Nach mehr als vier Jahren ist das Kapitel NSA-Überwachung für die Bundesanwaltschaft abgeschlossen. Es werde kein Ermittlungsverfahren wegen einer möglichen massenhaften Erhebung von Telefondaten durch britische und amerikanische Nachrichtendienste geben, teilte die Karlsruher Behörde am Donnerstag mit(öffnet im neuen Fenster) .

Die Bundesanwaltschaft hatte 2013 eine Voruntersuchung eingeleitet, nachdem der ehemalige Mitarbeiter der National Security Agency (NSA), Edward Snowden, Dokumente über die Aktivitäten des amerikanischen Nachrichtendienstes veröffentlicht hatte. Schon im Juni 2014 hatte der damalige Generalbundesanwalt Harald Range geäußert, dass er keine Möglichkeit sehe, ein Ermittlungsverfahren zu eröffnen .

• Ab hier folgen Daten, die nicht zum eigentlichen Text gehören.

definition LScat :: "('o,'m) ccat \<Rightarrow> ('p,'n) smc \<Rightarrow> ('o \<Rightarrow> 'p) \<Rightarrow> ('m \<Rightarrow> 'n) \<Rightarrow>
    ('o \<Rightarrow> 'o \<Rightarrow> 'n) \<Rightarrow> 'n \<Rightarrow> ('o \<times> 'p, ('o \<times> 'p) \<times> ('o \<times> 'p) \<times> ('m \<times> 'n)) cat" where
  "LScat C L Fo Fm m m1 = \<lparr>
     cOb = cOb C \<times> cOb L,
     cAr = {((X,A),(Y,B),(f,u)) | X A Y B f u. X \<in> cOb C \<and> A \<in> cOb L \<and> Y \<in> cOb C \<and> B \<in> cOb L \<and>
              f \<in> hom C X Y \<and> u \<in> hom L (mTns L (Fo X) A) B},
     cDom = src, cCod = tgt,
     cId = (\<lambda>a. (a, a, (cId C (fst a), mTnsA L (weak C L Fm m1 (fst a)) (cId L (snd a))))),
     cCmp = (\<lambda>\<phi> \<psi>. (src \<phi>, tgt \<psi>, (cCmp C (base \<phi>) (base \<psi>),
        cCmp L (cCmp L (mTnsA L (copy C L Fm m (fst (src \<phi>))) (cId L (snd (src \<phi>))))
                       (mTnsA L (Fm (base \<phi>)) (fibc \<phi>))) (fibc \<psi>))))\<rparr>"

text \<open>Chosen cartesian morphism of ls over f : X -> Y at B: (f, w_X (x) id_B) : (X,B) -> (Y,B).\<close>
definition lscart :: "('o,'m) ccat \<Rightarrow> ('p,'n) smc \<Rightarrow> ('m \<Rightarrow> 'n) \<Rightarrow> 'n \<Rightarrow> 'm \<Rightarrow> 'p \<Rightarrow>
    ('o \<times> 'p) \<times> ('o \<times> 'p) \<times> ('m \<times> 'n)" where
  "lscart C L Fm m1 f B = ((cDom C f, B), (cCod C f, B), (f, mTnsA L (weak C L Fm m1 (cDom C f)) (cId L B)))"

definition Sfib :: "('o,'m) ccat \<Rightarrow> 'o \<Rightarrow> ('o \<times> 'o, ('o \<times> 'o) \<times> ('o \<times> 'o) \<times> ('m \<times> 'm)) smc" where
  "Sfib C X = \<lparr>
     cOb = {X} \<times> cOb C,
     cAr = {\<phi> \<in> cAr (Scat C). fst (src \<phi>) = X \<and> fst (tgt \<phi>) = X \<and> base \<phi> = cId C X},
     cDom = cDom (Scat C), cCod = cCod (Scat C), cId = cId (Scat C), cCmp = cCmp (Scat C),
     mTns = (\<lambda>a b. (X, pProd C (snd a) (snd b))),
     mTnsA = (\<lambda>\<phi> \<psi>. ((X, pProd C (snd (src \<phi>)) (snd (src \<psi>))), (X, pProd C (snd (tgt \<phi>)) (snd (tgt \<psi>))),
        (cId C X, pPair C
           (cCmp C (prod_arr C (cId C X) (pPr1 C (snd (src \<phi>)) (snd (src \<psi>)))) (fibc \<phi>))
           (cCmp C (prod_arr C (cId C X) (pPr2 C (snd (src \<phi>)) (snd (src \<psi>)))) (fibc \<psi>))))),
     mUnt = (X, pTrm C),
     mSym = (\<lambda>a b. ((X, pProd C (snd a) (snd b)), (X, pProd C (snd b) (snd a)),
        (cId C X, cCmp C (pPr2 C X (pProd C (snd a) (snd b))) (cswap C (snd a) (snd b)))))\<rparr>"

definition LSfib :: "('o,'m) ccat \<Rightarrow> ('p,'n) smc \<Rightarrow> ('o \<Rightarrow> 'p) \<Rightarrow> ('m \<Rightarrow> 'n) \<Rightarrow>
    ('o \<Rightarrow> 'o \<Rightarrow> 'n) \<Rightarrow> 'n \<Rightarrow> 'o \<Rightarrow> ('o \<times> 'p, ('o \<times> 'p) \<times> ('o \<times> 'p) \<times> ('m \<times> 'n)) smc" where
  "LSfib C L Fo Fm m m1 X = (let LS = LScat C L Fo Fm m m1 in \<lparr>
     cOb = {X} \<times> cOb L,
     cAr = {\<phi> \<in> cAr LS. fst (src \<phi>) = X \<and> fst (tgt \<phi>) = X \<and> base \<phi> = cId C X},
     cDom = cDom LS, cCod = cCod LS, cId = cId LS, cCmp = cCmp LS,
     mTns = (\<lambda>a b. (X, mTns L (snd a) (snd b))),
     mTnsA = (\<lambda>\<phi> \<psi>. ((X, mTns L (snd (src \<phi>)) (snd (src \<psi>))), (X, mTns L (snd (tgt \<phi>)) (snd (tgt \<psi>))),
        (cId C X,
         cCmp L (cCmp L (mTnsA L (copy C L Fm m X) (cId L (mTns L (snd (src \<phi>)) (snd (src \<psi>)))))
                        (mTnsA L (mTnsA L (cId L (Fo X)) (mSym L (Fo X) (snd (src \<phi>)))) (cId L (snd (src \<psi>)))))
                (mTnsA L (fibc \<phi>) (fibc \<psi>))))),
     mUnt = (X, mUnt L),
     mSym = (\<lambda>a b. ((X, mTns L (snd a) (snd b)), (X, mTns L (snd b) (snd a)),
        (cId C X, mTnsA L (weak C L Fm m1 X) (mSym L (snd a) (snd b)))))\<rparr>)"

section \<open>The functor U^S and its monoidal structure maps\<close>

definition USo :: "('p \<Rightarrow> 'o) \<Rightarrow> 'o \<times> 'p \<Rightarrow> 'o \<times> 'o" where
  "USo Uo a = (fst a, Uo (snd a))"

definition USm :: "('o,'m) ccat \<Rightarrow> ('o \<Rightarrow> 'p) \<Rightarrow> ('p \<Rightarrow> 'o) \<Rightarrow> ('n \<Rightarrow> 'm) \<Rightarrow>
    ('p \<Rightarrow> 'p \<Rightarrow> 'm) \<Rightarrow> ('o \<Rightarrow> 'm) \<Rightarrow>
    ('o \<times> 'p) \<times> ('o \<times> 'p) \<times> ('m \<times> 'n) \<Rightarrow> ('o \<times> 'o) \<times> ('o \<times> 'o) \<times> ('m \<times> 'm)" where
  "USm C Fo Uo Um n \<eta> \<phi> = (USo Uo (src \<phi>), USo Uo (tgt \<phi>), (base \<phi>,
     cCmp C (cCmp C (prod_arr C (\<eta> (fst (src \<phi>))) (cId C (Uo (snd (src \<phi>)))))
                    (n (Fo (fst (src \<phi>))) (snd (src \<phi>))))
            (Um (fibc \<phi>))))"

definition US_unit :: "('o,'m) ccat \<Rightarrow> ('p,'n) smc \<Rightarrow> ('p \<Rightarrow> 'o) \<Rightarrow> 'm \<Rightarrow> 'o \<Rightarrow>
    ('o \<times> 'o) \<times> ('o \<times> 'o) \<times> ('m \<times> 'm)" where
  "US_unit C L Uo n1 X = ((X, pTrm C), (X, Uo (mUnt L)), (cId C X, cCmp C (pPr2 C X (pTrm C)) n1))"

definition US_mult :: "('o,'m) ccat \<Rightarrow> ('p,'n) smc \<Rightarrow> ('p \<Rightarrow> 'o) \<Rightarrow> ('p \<Rightarrow> 'p \<Rightarrow> 'm) \<Rightarrow> 'o \<Rightarrow>
    'o \<times> 'p \<Rightarrow> 'o \<times> 'p \<Rightarrow> ('o \<times> 'o) \<times> ('o \<times> 'o) \<times> ('m \<times> 'm)" where
  "US_mult C L Uo n X a b =
     ((X, pProd C (Uo (snd a)) (Uo (snd b))), (X, Uo (mTns L (snd a) (snd b))),
      (cId C X, cCmp C (pPr2 C X (pProd C (Uo (snd a)) (Uo (snd b)))) (n (snd a) (snd b))))"

end

theory Submission
  imports Defs
begin

text \<open>Every fibre component of \<open>U\<^sup>S\<close> is a morphism \<open>X \<times> U A \<rightarrow> U B\<close> of the form
  \<open>\<langle>e\<^sub>1, e\<^sub>2\<rangle>;n;U(u)\<close> for generalised elements \<open>e\<^sub>i\<close>. The coherence laws of the lax
  structure \<open>(U, n, n\<^sub>I)\<close> become rewrite rules for such pairings, and since the unit \<open>\<eta>\<close> is a
  monoidal transformation, \<open>\<eta>;U(\<^bold>c\<^sub>X)\<close> and \<open>\<eta>;U(\<^bold>w\<^sub>X)\<close> are \<open>\<langle>\<eta>, \<eta>\<rangle>;n\<close> and \<open>!;n\<^sub>I\<close>: copying and
  weakening in the linear category turn into the diagonal and the terminal map of the cartesian
  one. Functoriality, preservation of the chosen cartesian morphisms and each lax monoidal axiom
  on the fibres then follow by rewriting both sides to the same pairing.\<close>

section \<open>Cartesian categories\<close>

locale cartesian_cat =
  fixes C :: "('o,'m) ccat"
  assumes cartesian: "cartesian_category C"
begin

abbreviation cmp (infixr "\<cdot>" 75) where "f \<cdot> g \<equiv> cCmp C f g"
abbreviation "Ar f \<equiv> f \<in> cAr C"
abbreviation "Ob X \<equiv> X \<in> cOb C"
abbreviation "dm f \<equiv> cDom C f"
abbreviation "cd f \<equiv> cCod C f"
abbreviation "idC \<equiv> cId C"
abbreviation "pr1 \<equiv> pPr1 C"
abbreviation "pr2 \<equiv> pPr2 C"
abbreviation "pair \<equiv> pPair C"
abbreviation "prd \<equiv> pProd C"
abbreviation "trm \<equiv> pTrm C"
abbreviation "bang \<equiv> pBang C"

lemma category: "category C"
  using cartesian unfolding cartesian_category_def by auto

lemma C_dom [simp]: "Ar f \<Longrightarrow> Ob (dm f)"
  and C_cod [simp]: "Ar f \<Longrightarrow> Ob (cd f)"
  using category unfolding category_def by auto

lemma C_id [simp]: "Ob X \<Longrightarrow> Ar (idC X)" "Ob X \<Longrightarrow> dm (idC X) = X" "Ob X \<Longrightarrow> cd (idC X) = X"
  using category unfolding category_def hom_def by auto

lemma C_comp [simp]:
  "Ar f \<Longrightarrow> Ar g \<Longrightarrow> cd f = dm g \<Longrightarrow> Ar (f \<cdot> g)"
  "Ar f \<Longrightarrow> Ar g \<Longrightarrow> cd f = dm g \<Longrightarrow> dm (f \<cdot> g) = dm f"
  "Ar f \<Longrightarrow> Ar g \<Longrightarrow> cd f = dm g \<Longrightarrow> cd (f \<cdot> g) = cd g"
  using category unfolding category_def hom_def by auto

lemma C_id_left [simp]: "Ar f \<Longrightarrow> X = dm f \<Longrightarrow> idC X \<cdot> f = f"
  and C_id_right [simp]: "Ar f \<Longrightarrow> X = cd f \<Longrightarrow> f \<cdot> idC X = f"
  using category unfolding category_def by auto

lemma C_assoc [simp]:
  "Ar f \<Longrightarrow> Ar g \<Longrightarrow> Ar h \<Longrightarrow> cd f = dm g \<Longrightarrow> cd g = dm h \<Longrightarrow> (f \<cdot> g) \<cdot> h = f \<cdot> (g \<cdot> h)"
  using category unfolding category_def by auto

Keine Hinweise auf strafbare Tätigkeiten

Die Untersuchung habe keine Hinweise auf eine strafbare geheimdienstliche Agententätigkeit gegen die Bundesrepublik ergeben, hieß es nun. Weder die Staatsanwälte noch der NSA-Untersuchungsausschuss des Bundestags hätten Anhaltspunkte dafür gefunden, dass die Nachrichtendienste das deutsche Telekommunikations- und Internetaufkommen systematisch und massenhaft überwachten.

Auch aus den Snowden-Dokumenten ergaben sich den Ermittlern zufolge "keine konkreten Hinweise auf tatsächlich fassbare Spionagehandlungen der NSA in oder gegen Deutschland" . Zu entnehmen sei den Unterlagen lediglich, über welche Techniken und Fähigkeiten die amerikanischen Dienste verfügten. All dies sei den deutschen Behörden aber bereits als technisch machbar bekannt gewesen.

DE-CIX nicht angezapft

Das Bundesamt für Verfassungsschutz und das Bundesamt für Sicherheit in der Informationstechnik (BSI) seien zudem zu der Einschätzung gelangt, dass auch die Kommunikation, die über in Deutschland verlaufende Glasfaserkabel erfolge, nicht rechtswidrig überwacht werde. Zum gleichen Ergebnis gelangten demnach die Betreiber des Internetknotens DE-CIX in Frankfurt am Main über den dort abgewickelten Datenverkehr. Unbeschadet von diesen Ermittlungen ist aber die Frage, ob die Geheimdienste im großen Stil Daten deutscher Bürger an Transatlantikkabeln oder Internetknoten in ihren eigenen Ländern erfassen.

Im Juni 2015 hatte die Bundesanwaltschaft bereits die Ermittlungen wegen einer möglichen Ausforschung des Handys von Kanzlerin Angela Merkel eingestellt . Der Vorwurf, amerikanische Nachrichtendienste hätten das Mobiltelefon abgehört, habe sich "mit den Mitteln des Strafprozessrechts nicht gerichtsfest beweisen lassen" .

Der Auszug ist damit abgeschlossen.